Industrial Production (9:15) – Dropped 1.2% in August after a 0.5% increase in July. Capacity utilization dropped to 78.2% from 79.2%.
Housing Market Index (10:00) –The NAHB housing market index rose 3 points in August to 40, the 5th straight gain. Big concern for builders includes a tight market and lack of building lots.
Housing Starts (8:30) – Rose 2.3% in August after a drop of 2.8% in July. Current pace is 750 million units, up 29.1% from a year ago.
Jobless Claims (8:30) –Dropped 30,000 in the October 6 week to 339,000 bringing the 4-week average down 11,500 to 364,000. Possible distortion here, we will see Thursday when we get revised numbers.
Philadelphia Fed Svy (10:00) –Improved to a minus 1.9 in September from minus 7.1 in August. New orders were positive.
Leading Indicators (10:00) –Dropped 0.1 % for the 3rd contraction in 5 months. A decline in ISM new orders had the greatest impact.
Existing Home Sales (10:00) – Jumped 7.8% in August to an annual rate of 4.82 million – all regions participating.
FACEBOOK (FB – $19.75):
FB slipped briefly below $20 late yesterday, then rebounded on increased volume. It is struggling to hold above $19.80 where it attracted buying September 26. A break below that level raises the possibility it will test its IPO low of $17.55 posted on September 4.

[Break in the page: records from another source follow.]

lemma rank_at_most_mult_rank_one:
  assumes "rank_at_most D n T m"
  shows "rank_at_most D n (\<lambda>i. (\<Prod>a\<in>D. g a (i a)) * T i) m"
proof -
  obtain k f where k: "k \<le> m" "\<forall>i\<in>index_tuples D n. T i = (\<Sum>r<k. \<Prod>a\<in>D. f r a (i a))"
    using assms unfolding rank_at_most_def by blast
  have "(\<Prod>a\<in>D. g a (i a)) * T i = (\<Sum>r<k. \<Prod>a\<in>D. g a (i a) * f r a (i a))"
    if "i \<in> index_tuples D n" for i
    using k(2) that by (simp add: sum_distrib_left prod.distrib)
  then show ?thesis
    unfolding rank_at_most_def using k(1)
    by (intro exI[of _ k] conjI exI[of _ "\<lambda>r a z. g a z * f r a z"]) auto
qed

lemma rank_at_most_scale:
  assumes "finite D" "b \<in> D" "rank_at_most D n T m"
  shows "rank_at_most D n (\<lambda>i. c * T i) m"
proof -
  have "(\<Prod>a\<in>D. (\<lambda>a z. if a = b then c else 1) a (i a)) = c" for i
    using assms(1,2) by (simp add: prod.delta)
  then show ?thesis
    using rank_at_most_mult_rank_one[OF assms(3), of "\<lambda>a z. if a = b then c else 1"] by simp
qed

lemma rank_at_most_singleton: "rank_at_most {a} n T 1"
proof -
  have "T i = (\<Sum>r<1::nat. \<Prod>b\<in>{a}. T ((\<lambda>_. undefined)(a := i b)))"
    if "i \<in> index_tuples {a} n" for i
  proof -
    have "(\<lambda>_. undefined)(a := i a) = i"
      using that by (force simp: index_tuples_def PiE_iff extensional_def fun_eq_iff)
    then show ?thesis by simp
  qed
  then show ?thesis
    unfolding rank_at_most_def
    by (intro exI[of _ 1] conjI exI[of _ "\<lambda>r b z. T ((\<lambda>_. undefined)(a := z))"]) auto
qed

lemma rank_at_most_extend_slice:
  assumes "finite D" "a \<in> D" and slice: "rank_at_most (D - {a}) n (\<lambda>j. T (j(a := v))) m"
  shows "rank_at_most D n (\<lambda>i. if i a = v then T i else 0) m"
proof -
  obtain k f where k: "k \<le> m"
    and f: "\<forall>j\<in>index_tuples (D - {a}) n. T (j(a := v)) = (\<Sum>r<k. \<Prod>b\<in>D - {a}. f r b (j b))"
    using slice unfolding rank_at_most_def by blast
  define g where "g r b = (if b = a then (\<lambda>z. if z = v then 1 else 0) else f r b)" for r b
  have "(if i a = v then T i else 0) = (\<Sum>r<k. \<Prod>b\<in>D. g r b (i b))"
    if i: "i \<in> index_tuples D n" for i
  proof -
    have "T ((i(a := undefined))(a := v))
        = (\<Sum>r<k. \<Prod>b\<in>D - {a}. f r b ((i(a := undefined)) b))"
      using f index_tuples_restrict[OF i] by blast
    moreover have "(\<Prod>b\<in>D - {a}. f r b ((i(a := undefined)) b)) = (\<Prod>b\<in>D - {a}. f r b (i b))"
      for r
      by (rule prod.cong) auto
    ultimately have "T (i(a := v)) = (\<Sum>r<k. \<Prod>b\<in>D - {a}. f r b (i b))"
      by simp
    moreover have "(\<Prod>b\<in>D. g r b (i b)) = (if i a = v then 1 else 0) * (\<Prod>b\<in>D - {a}. f r b (i b))"
      for r
    proof -
      have "(\<Prod>b\<in>D - {a}. g r b (i b)) = (\<Prod>b\<in>D - {a}. f r b (i b))"
        by (rule prod.cong) (auto simp: g_def)
      then show ?thesis
        using prod.remove[OF assms(1,2), of "\<lambda>b. g r b (i b)"] by (simp add: g_def[of r a])
    qed
    ultimately show ?thesis
      by (auto simp: fun_upd_idem)
  qed
  then show ?thesis
    unfolding rank_at_most_def using k by (intro exI[of _ k] conjI exI[of _ g]) auto
qed

lemma rank_at_most_slice:
  assumes "finite D" "b \<in> D" "v < n a" "s \<noteq> t"
    and "rank_at_most D n (contract a n T (\<lambda>z. if z = v then t else s)) m1"
    and "rank_at_most D n (contract a n T (\<lambda>_. s)) m0"
  shows "rank_at_most D n (\<lambda>j. T (j(a := v))) (m1 + m0)"
proof -
  let ?c = "inverse (t - s)"
  have "rank_at_most D n (\<lambda>j. ?c * contract a n T (\<lambda>z. if z = v then t else s) j
      + (- ?c) * contract a n T (\<lambda>_. s) j) (m1 + m0)"
    using assms by (intro rank_at_most_add rank_at_most_scale)
  moreover have "?c * contract a n T (\<lambda>z. if z = v then t else s) j
      + (- ?c) * contract a n T (\<lambda>_. s) j = T (j(a := v))" for j
  proof -
    have "contract a n T (\<lambda>z. if z = v then t else s) j - contract a n T (\<lambda>_. s) j
        = T (j(a := v)) * (t - s)"
      using contract_toggle_diff[of v n a "{}" T t s j] \<open>v < n a\<close> by simp
    then show ?thesis
      using \<open>s \<noteq> t\<close> by (simp add: right_diff_distrib[symmetric])
  qed
  ultimately show ?thesis
    by (rule rank_at_most_cong)
qed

This is one of those situations that appeals to those guys/gals who buy for the long-haul – 3 to 5 years, so some buying can be expected here on down. Since a lot of holders have short-term losses, it may be a candidate for tax-selling before year-end – additional pressure.
Today: FB trying to stabilize above $19.50. Stock has attracted some buying, but buyers must get more aggressive to turn it up here. A move above$20 on increased volume is needed.
I don’t own, nor have I ever owned FB. Generally, I don’t recommend or comment on individual stocks. I started covering FB technically after its IPO because on May 21, I felt at $34 it was very vulnerable in face of all the misunderstanding and hype. I warned of a drop to $24-26, which it did shortly thereafter. Following a rally back into the 30s, FB dropped into the low 20s where on August 2, I forecast a low of $16.88. On September 4, it hit $17.55, its low since its IPO at $38.
**Stock Trader’s Almanac
The writer of Investor’s first read, George Brooks, is not registered as an investment advisor. Ideas expressed herein are the opinions of the writer, are for informational purposes, and are not to serve as the sole basis for any investment decision. Readers are expected to assume full responsibility for conducting their own research pursuant to investment decisions in keeping with their tolerance for risk.